C’è il viaggio al di là delle colonne d’Ercole e quello minimo di
Pickwick alle sorgenti di Hampstead o quello da una stanza all’altra
della propria abitazione, spedizione non meno avventurosa né meno ricca
d’incanti e di rischi. I capitani fiumani e triestini di lungo corso che
attraversavano gli oceani chiamavano beffardamente "capitan de cadin"
(di catino) quelli che percorrevano solo piccoli tratti fra Trieste e
l’Istria o tra Fiume e le vicine isole del Quarnero, ma anche in quel
golfo la bora provoca tempeste in cui si può naufragare.Pure nei
capitoli di questo libro si va agli antipodi ma anche nei microcosmi dei
bisiachi o nei nanocosmi della Ciceria e il passo del viaggiatore
vorrebbe assomigliare all’andatura di Lawrence Sterne. Viaggiare
sentendosi sempre, nello stesso momento, nell’ignoto e a casa, ma
sapendo di non avere, di non possedere una casa. Chi viaggia è sempre un
randagio, uno straniero, un ospite; dorme in stanze che prima e dopo di
lui albergano sconosciuti, non possiede il guanciale su cui posa il
capo né il tetto che lo ripara.
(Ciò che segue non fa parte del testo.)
(* Let $(\mathcal S,\mathcal A,H,P,R,\mu)$ be an episodic tabular MDP as in the context. Suppose the actions do not affect the transitions, i.e., $P_h(s'\mid s,a)=P_h(s'\mid s)$ for all $h,s,a,s'$. Then $CR^L(P)=\frac1A$ for every $L\in[H]$.
   Context: Episodic tabular MDP $(\mathcal S,\mathcal A,H,P,R,\mu)$: finite state space $\mathcal S$ with $|\mathcal S|=S$, finite action space $\mathcal A$ with $|\mathcal A|=A$, horizon $H\in\mathbb N$, transition kernels $P_h(\cdot\mid s,a)$, initial state distribution $\mu$, and random non-negative rewards $R_h(s,a)$ for $(h,s,a)\in\mathcal X:=[H]\times\mathcal S\times\mathcal A$. Initially $s_1\sim\mu$; at step $h$ the agent in state $s_h$ picks $a_h$, receives $R_h(s_h,a_h)$ and moves to $s_{h+1}\sim P_h(\cdot\mid s_h,a_h)$. All rewards are drawn before the interaction. The vectors $\mathcal R_h=\{R_h(s,a)\}_{s,a}$ for different $h$ are mutually independent (entries of one $\mathcal R_h$ may be arbitrarily correlated); rewards are independent of transitions, and transitions are independent across steps. Let $r_h(s,a)=\mathbb E[R_h(s,a)]$ and let $\mathcal D(r)$ denote the set of all such reward distributions with means $r$. For $L\in\{0,\dots,H\}$ an $L$-lookahead policy draws $a_h\sim\pi_h(\cdot\mid s_h,\mathcal R_h^L)$, where $\mathcal R_h^L=(\mathcal R_t)_{h\le t\le\min(h+L-1,H)}$ and $\mathcal R_h^0=\emptyset$; $\Pi^L$ is the set of these policies. The value is $V^{L,\pi}(P,r)=\mathbb E[\sum_{h=1}^H R_h(s_h,a_h)]$, and $V^{L,*}(P,r)=\sup_{\pi\in\Pi^L}V^{L,\pi}(P,r)$. The competitive ratio is $CR^L(P,r)=\inf_{\mathcal D(r)}V^{0,*}(P,r)/V^{L,*}(P,r)$, with the convention that any division by zero equals $+\infty$. Also $CR^L(P)=\inf\{CR^L(P,r): r_h\in[0,1]^{SA}\ \forall h\}$. *)

theory Defs
  imports "HOL-Probability.Probability"
begin

text \<open>Steps are indexed by h in {1..H}. A reward vector for one step is a function
  ('s \<times> 'a \<Rightarrow> real); its distribution is a probability measure on the
  product measurable space rew_space. The full reward realisation is
  omega :: nat \<Rightarrow> ('s \<times> 'a \<Rightarrow> real), drawn from the product of the per-step
  distributions (independence across steps, arbitrary correlation within a step).\<close>

definition rew_space :: "('s \<times> 'a \<Rightarrow> real) measure" where
  "rew_space = PiM UNIV (\<lambda>_. borel)"

definition win :: "nat \<Rightarrow> nat \<Rightarrow> nat \<Rightarrow> nat set" where
  "win L H h = {h..<h+L} \<inter> {1..H}"

definition reward_dists ::
  "nat \<Rightarrow> (nat \<Rightarrow> 's \<times> 'a \<Rightarrow> real) \<Rightarrow> (nat \<Rightarrow> ('s \<times> 'a \<Rightarrow> real) measure) set" where
  "reward_dists H r = {D. \<forall>h\<in>{1..H}.
      prob_space (D h) \<and> sets (D h) = sets rew_space \<and>
      (AE \<rho> in D h. \<forall>x. 0 \<le> \<rho> x) \<and>
      (\<forall>x. integrable (D h) (\<lambda>\<rho>. \<rho> x) \<and> (\<integral>\<rho>. \<rho> x \<partial>D h) = r h x)}"

text \<open>An L-lookahead (randomised, Markov) policy: pi h s w a is the probability of
  choosing action a at step h in state s when the observed lookahead rewards are w
  (w is the reward realisation restricted to the window win L H h).\<close>
type_synonym ('s, 'a) policy = "nat \<Rightarrow> 's \<Rightarrow> (nat \<Rightarrow> 's \<times> 'a \<Rightarrow> real) \<Rightarrow> 'a \<Rightarrow> real"

definition is_policy :: "nat \<Rightarrow> nat \<Rightarrow> ('s, 'a::finite) policy \<Rightarrow> bool" where
  "is_policy L H \<pi> \<longleftrightarrow> (\<forall>h\<in>{1..H}. \<forall>s.
      (\<forall>w a. 0 \<le> \<pi> h s w a) \<and> (\<forall>w. (\<Sum>a\<in>UNIV. \<pi> h s w a) = 1) \<and>
      (\<forall>a. (\<lambda>w. \<pi> h s w a) \<in> borel_measurable (PiM (win L H h) (\<lambda>_. rew_space))))"

text \<open>Given the full reward realisation omega, sdist k is the state distribution at step k+1.\<close>
primrec sdist :: "nat \<Rightarrow> nat \<Rightarrow> ('s::finite \<Rightarrow> real) \<Rightarrow> (nat \<Rightarrow> 's \<Rightarrow> 'a::finite \<Rightarrow> 's \<Rightarrow> real)
    \<Rightarrow> ('s, 'a) policy \<Rightarrow> (nat \<Rightarrow> 's \<times> 'a \<Rightarrow> real) \<Rightarrow> nat \<Rightarrow> 's \<Rightarrow> real" where
  "sdist L H \<mu> P \<pi> \<omega> 0 = \<mu>"
| "sdist L H \<mu> P \<pi> \<omega> (Suc k) = (\<lambda>s'. \<Sum>s\<in>UNIV. \<Sum>a\<in>UNIV.
      sdist L H \<mu> P \<pi> \<omega> k s * \<pi> (Suc k) s (restrict \<omega> (win L H (Suc k))) a * P (Suc k) s a s')"

definition cond_value :: "nat \<Rightarrow> nat \<Rightarrow> ('s::finite \<Rightarrow> real) \<Rightarrow> (nat \<Rightarrow> 's \<Rightarrow> 'a::finite \<Rightarrow> 's \<Rightarrow> real)
    \<Rightarrow> ('s, 'a) policy \<Rightarrow> (nat \<Rightarrow> 's \<times> 'a \<Rightarrow> real) \<Rightarrow> real" where
  "cond_value L H \<mu> P \<pi> \<omega> = (\<Sum>h\<in>{1..H}. \<Sum>s\<in>UNIV. \<Sum>a\<in>UNIV.
      sdist L H \<mu> P \<pi> \<omega> (h - 1) s * \<pi> h s (restrict \<omega> (win L H h)) a * \<omega> h (s, a))"

definition policy_value :: "nat \<Rightarrow> nat \<Rightarrow> ('s::finite \<Rightarrow> real) \<Rightarrow> (nat \<Rightarrow> 's \<Rightarrow> 'a::finite \<Rightarrow> 's \<Rightarrow> real)
    \<Rightarrow> (nat \<Rightarrow> ('s \<times> 'a \<Rightarrow> real) measure) \<Rightarrow> ('s, 'a) policy \<Rightarrow> real" where
  "policy_value L H \<mu> P D \<pi> = (\<integral>\<omega>. cond_value L H \<mu> P \<pi> \<omega> \<partial>(PiM {1..H} D))"

definition opt_value :: "nat \<Rightarrow> nat \<Rightarrow> ('s::finite \<Rightarrow> real) \<Rightarrow> (nat \<Rightarrow> 's \<Rightarrow> 'a::finite \<Rightarrow> 's \<Rightarrow> real)
    \<Rightarrow> (nat \<Rightarrow> ('s \<times> 'a \<Rightarrow> real) measure) \<Rightarrow> ereal" where
  "opt_value L H \<mu> P D = (SUP \<pi>\<in>{\<pi>. is_policy L H \<pi>}. ereal (policy_value L H \<mu> P D \<pi>))"

definition cr_div :: "ereal \<Rightarrow> ereal \<Rightarrow> ereal" where
  "cr_div x y = (if y = 0 then \<infinity> else x / y)"

definition CR_r :: "nat \<Rightarrow> nat \<Rightarrow> ('s::finite \<Rightarrow> real) \<Rightarrow> (nat \<Rightarrow> 's \<Rightarrow> 'a::finite \<Rightarrow> 's \<Rightarrow> real)
    \<Rightarrow> (nat \<Rightarrow> 's \<times> 'a \<Rightarrow> real) \<Rightarrow> ereal" where
  "CR_r L H \<mu> P r = (INF D\<in>reward_dists H r. cr_div (opt_value 0 H \<mu> P D) (opt_value L H \<mu> P D))"

definition CR :: "nat \<Rightarrow> nat \<Rightarrow> ('s::finite \<Rightarrow> real) \<Rightarrow> (nat \<Rightarrow> 's \<Rightarrow> 'a::finite \<Rightarrow> 's \<Rightarrow> real) \<Rightarrow> ereal" where
  "CR L H \<mu> P = (INF r\<in>{r. \<forall>h\<in>{1..H}. \<forall>x. 0 \<le> r h x \<and> r h x \<le> 1}. CR_r L H \<mu> P r)"

end

theory Submission
  imports Defs
begin

text \<open>When actions do not influence transitions, the state distribution q at every step is the
  same for all policies. A policy without lookahead thus earns the q-weighted mean reward of the
  actions it picks, and the greedy one earns G, the q-weighted maximal mean reward. A policy with
  lookahead earns at most the q-weighted sum of the mean rewards of all actions, which is at most
  A G; hence the ratio is at least 1/A. It equals 1/A for one-hot rewards, where at every step a
  uniformly random action pays 1 and the others 0: without lookahead every policy earns H/A,
  while a lookahead of one step reveals the paying action and earns H.\<close>

lemma reward_distsD:
  assumes "D \<in> reward_dists H r" and "h \<in> {1..H}"
  shows "prob_space (D h)" "sets (D h) = sets rew_space"
    "AE \<rho> in D h. \<forall>x. 0 \<le> \<rho> x" "integrable (D h) (\<lambda>\<rho>. \<rho> x)" "(\<integral>\<rho>. \<rho> x \<partial>D h) = r h x"
  using assms unfolding reward_dists_def by (auto simp del: split_paired_All)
E così comprende che non si può mai
veramente possedere una casa, uno spazio ritagliato nell’infinito
dell’universo, ma solo sostarvi, per una notte o per tutta la vita, con
rispetto e gratitudine. Non per nulla il viaggio è anzitutto un ritorno e
insegna ad abitare più liberamente, più poeticamente la propria casa.
Poeticamente abita l’uomo su questa terra, dice un verso di Hòlderlin,
ma solo se sa, come dice un altro verso, che la salvezza cresce là dove
cresce il pericolo. Nel viaggio, ignoti fra gente ignota, si impara in
senso forte a essere Nessuno, si capisce concretamente di essere
Nessuno. Proprio questo permette, in un luogo amato divenuto quasi
fisicamente una parte o un prolungamento della propria persona, di dire,
echeggiando don Chisciotte: qui io so chi sono.